◆ ABOUT THIS EXERCISE ◆
Word for word, copy the records that follow.

◆ DATA SHOWN ◆
(* Let $\langle X,d\rangle$ be a metric space with completion $\langle\widehat{X},\widehat{d}\rangle$. The following are equivalent: (1) $\widehat{X}$ is cofinally Bourbaki quasi-complete; (2) $\widehat{X}$ is cofinally Bourbaki complete and every CBC-regular function from $X$ to any metric space $\langle Y,\rho\rangle$ maps cofinally Bourbaki quasi-Cauchy sequences to cofinally Bourbaki-Cauchy sequences; (3) $\widehat{X}$ is cofinally Bourbaki complete and every real-valued CBC-regular function on $X$ maps cofinally Bourbaki quasi-Cauchy sequences to cofinally Bourbaki-Cauchy sequences; (4) $\widehat{X}$ is cofinally Bourbaki complete and every cofinally Bourbaki quasi-Cauchy sequence in $X$ is cofinally Bourbaki-Cauchy.
   Context: For $\varepsilon>0$, an $\varepsilon$-chain joining $x,y$ is a finite sequence $x=x_0,\dots,x_n=y$ with consecutive distances $<\varepsilon$. A sequence $\langle x_n\rangle$ in a metric space is cofinally Bourbaki quasi-Cauchy if for every $\varepsilon>0$ there is an infinite $N_\varepsilon\subseteq\mathbb{N}$ such that any $x_j,x_k$ with $j,k\in N_\varepsilon$ can be joined by an $\varepsilon$-chain in that space; a space is cofinally Bourbaki quasi-complete if every such sequence has a cluster point. In a metric space $\langle Y,\rho\rangle$ let $S^1_\rho(p,\varepsilon)$ be the open $\varepsilon$-ball about $p$ and $S^{m}_\rho(p,\varepsilon)=\{y:\rho(y,S^{m-1}_\rho(p,\varepsilon))<\varepsilon\}$; a sequence $\langle y_n\rangle$ is cofinally Bourbaki-Cauchy if for every $\varepsilon>0$ there exist an infinite $N_\varepsilon\subseteq\mathbb{N}$, $m\in\mathbb{N}$, $p\in Y$ with $y_n\in S^m_\rho(p,\varepsilon)$ for all $n\in N_\varepsilon$. A space is cofinally Bourbaki complete if every cofinally Bourbaki-Cauchy sequence has a cluster point. A function is CBC-regular if it maps cofinally Bourbaki-Cauchy sequences to cofinally Bourbaki-Cauchy sequences. *)

theory Defs
  imports "HOL-Analysis.Analysis"
begin
lemma gauss_measure_eq_distr_PiM:
  "(gauss_measure :: (real^'d) measure)
    = distr (PiM Basis (\<lambda>_. std_normal_distribution)) borel (\<lambda>f. \<Sum>b\<in>Basis. f b *\<^sub>R b)"
proof -
  let ?S = "\<lambda>f::real^'d \<Rightarrow> real. \<Sum>b\<in>Basis. f b *\<^sub>R b"
  let ?g = "\<lambda>z::real^'d. ennreal (\<Prod>i\<in>UNIV. std_normal_density (z $ i))"
  have [measurable]: "?S \<in> borel_measurable (PiM Basis (\<lambda>_. lborel))"
    by measurable
  have "(gauss_measure :: (real^'d) measure) = density (distr (PiM Basis (\<lambda>_. lborel)) borel ?S) ?g"
    unfolding gauss_measure_def by (subst lborel_eq) rule
  also have "\<dots> = distr (density (PiM Basis (\<lambda>_. lborel)) (\<lambda>f. ?g (?S f))) borel ?S"
    by (rule density_distr) auto
  also have "(\<lambda>f. ?g (?S f)) = (\<lambda>f. \<Prod>b\<in>Basis. ennreal (std_normal_density (f b)))"
  proof
    fix f :: "real^'d \<Rightarrow> real"
    have "?g (?S f) = ennreal (\<Prod>b\<in>Basis. std_normal_density (?S f \<bullet> b))"
      by (simp only: prod_UNIV_vec_nth_eq_prod_Basis)
    also have "\<dots> = ennreal (\<Prod>b\<in>Basis. std_normal_density (f b))"
      by (intro arg_cong[where f = ennreal] prod.cong refl) (simp only: inner_sum_Basis_scaleR)
    finally show "?g (?S f) = (\<Prod>b\<in>Basis. ennreal (std_normal_density (f b)))"
      by (simp add: prod_ennreal)
  qed
  also have "density (PiM Basis (\<lambda>_. lborel)) (\<lambda>f. \<Prod>b\<in>Basis. ennreal (std_normal_density (f b)))
      = PiM Basis (\<lambda>_. std_normal_distribution)"
    by (rule density_PiM_prod)
      (simp_all add: product_sigma_finite_def lborel.sigma_finite_measure_axioms
        std_normal.sigma_finite_measure_axioms)
  finally show ?thesis .
qed

lemma indep_vars_PiM_components:
  assumes "\<And>i. i \<in> I \<Longrightarrow> prob_space (M i)" "I \<noteq> {}"
  shows "prob_space.indep_vars (PiM I M) M (\<lambda>i x. x i) I"
proof -
  interpret prob_space "PiM I M"
    by (rule prob_space_PiM) (rule assms(1))
  have "distr (PiM I M) (PiM I M) (\<lambda>x. restrict x I) = distr (PiM I M) (PiM I M) (\<lambda>x. x)"
    by (rule distr_cong) (auto simp: space_PiM PiE_def extensional_restrict)
  also have "\<dots> = PiM I M"
    by (rule distr_id2) simp
  also have "\<dots> = PiM I (\<lambda>i. distr (PiM I M) (M i) (\<lambda>x. x i))"
    by (rule PiM_cong) (simp_all add: distr_PiM_component assms(1))
  finally show ?thesis
    using assms(2) by (subst indep_vars_iff_distr_eq_PiM') auto
qed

◆ EXERCISE OUTPUT ◆
(* Let $\langle X,d\rangle$ be a metric space with completion $\langle\widehat{X},\widehat{d}\rangle$. The following are equivalent: (1) $\widehat{X}$ is cofinally Bourbaki quasi-complete; (2) $\widehat{X}$ is cofinally Bourbaki complete and every CBC-regular function from $X$ to any metric space $\langle Y,\rho\rangle$ maps cofinally Bourbaki quasi-Cauchy sequences to cofinally Bourbaki-Cauchy sequences; (3) $\widehat{X}$ is cofinally Bourbaki complete and every real-valued CBC-regular function on $X$ maps cofinally Bourbaki quasi-Cauchy sequences to cofinally Bourbaki-Cauchy sequences; (4) $\widehat{X}$ is cofinally Bourbaki complete and every cofinally Bourbaki quasi-Cauchy sequence in $X$ is cofinally Bourbaki-Cauchy.
   Context: For $\varepsilon>0$, an $\varepsilon$-chain joining $x,y$ is a finite sequence $x=x_0,\dots,x_n=y$ with consecutive distances $<\varepsilon$. A sequence $\langle x_n\rangle$ in a metric space is cofinally Bourbaki quasi-Cauchy if for every $\varepsilon>0$ there is an infinite $N_\varepsilon\subseteq\mathbb{N}$ such that any $x_j,x_k$ with $j,k\in N_\varepsilon$ can be joined by an $\varepsilon$-chain in that space; a space is cofinally Bourbaki quasi-complete if every such sequence has a cluster point. In a metric space $\langle Y,\rho\rangle$ let $S^1_\rho(p,\varepsilon)$ be the open $\varepsilon$-ball about $p$ and $S^{m}_\rho(p,\varepsilon)=\{y:\rho(y,S^{m-1}_\rho(p,\varepsilon))<\varepsilon\}$; a sequence $\langle y_n\rangle$ is cofinally Bourbaki-Cauchy if for every $\varepsilon>0$ there exist an infinite $N_\varepsilon\subseteq\mathbb{N}$, $m\in\mathbb{N}$, $p\in Y$ with $y_n\in S^m_\rho(p,\varepsilon)$ for all $n\in N_\varepsilon$. A space is cofinally Bourbaki complete if every cofinally Bourbaki-Cauchy sequence has a cluster point. A function is CBC-regular if it maps cofinally Bourbaki-Cauchy sequences to cofinally Bourbaki-Cauchy sequences. *)

theory Defs
  imports "HOL-Analysis.Analysis"
begin
lemma gauss_measure_eq_distr_PiM:
  "(gauss_measure :: (real^'d) measure)
    = distr (PiM Basis (\<lambda>_. std_normal_distribution)) borel (\<lambda>f. \<Sum>b\<in>Basis. f b *\<^sub>R b)"
proof -
  let ?S = "\<lambda>f::real^'d \<Rightarrow> real. \<Sum>b\<in>Basis. f b *\<^sub>R b"
  let ?g = "\<lambda>z::real^'d. ennreal (\<Prod>i\<in>UNIV. std_normal_density (z $ i))"
  have [measurable]: "?S \<in> borel_measurable (PiM Basis (\<lambda>_. lborel))"
    by measurable
  have "(gauss_measure :: (real^'d) measure) = density (distr (PiM Basis (\<lambda>_. lborel)) borel ?S) ?g"
    unfolding gauss_measure_def by (subst lborel_eq) rule
  also have "\<dots> = distr (density (PiM Basis (\<lambda>_. lborel)) (\<lambda>f. ?g (?S f))) borel ?S"
    by (rule density_distr) auto
  also have "(\<lambda>f. ?g (?S f)) = (\<lambda>f. \<Prod>b\<in>Basis. ennreal (std_normal_density (f b)))"
  proof
    fix f :: "real^'d \<Rightarrow> real"
    have "?g (?S f) = ennreal (\<Prod>b\<in>Basis. std_normal_density (?S f \<bullet> b))"
      by (simp only: prod_UNIV_vec_nth_eq_prod_Basis)
    also have "\<dots> = ennreal (\<Prod>b\<in>Basis. std_normal_density (f b))"
      by (intro arg_cong[where f = ennreal] prod.cong refl) (simp only: inner_sum_Basis_scaleR)
    finally show "?g (?S f) = (\<Prod>b\<in>Basis. ennreal (std_normal_density (f b)))"
      by (simp add: prod_ennreal)
  qed
  also have "density (PiM Basis (\<lambda>_. lborel)) (\<lambda>f. \<Prod>b\<in>Basis. ennreal (std_normal_density (f b)))
      = PiM Basis (\<lambda>_. std_normal_distribution)"
    by (rule density_PiM_prod)
      (simp_all add: product_sigma_finite_def lborel.sigma_finite_measure_axioms
        std_normal.sigma_finite_measure_axioms)
  finally show ?thesis .
qed

lemma indep_vars_PiM_components:
  assumes "\<And>i. i \<in> I \<Longrightarrow> prob_space (M i)" "I \<noteq> {}"
  shows "prob_space.indep_vars (PiM I M) M (\<lambda>i x. x i) I"
proof -
  interpret prob_space "PiM I M"
    by (rule prob_space_PiM) (rule assms(1))
  have "distr (PiM I M) (PiM I M) (\<lambda>x. restrict x I) = distr (PiM I M) (PiM I M) (\<lambda>x. x)"
    by (rule distr_cong) (auto simp: space_PiM PiE_def extensional_restrict)
  also have "\<dots> = PiM I M"
    by (rule distr_id2) simp
  also have "\<dots> = PiM I (\<lambda>i. distr (PiM I M) (M i) (\<lambda>x. x i))"
    by (rule PiM_cong) (simp_all add: distr_PiM_component assms(1))
  finally show ?thesis
    using assms(2) by (subst indep_vars_iff_distr_eq_PiM') auto
qed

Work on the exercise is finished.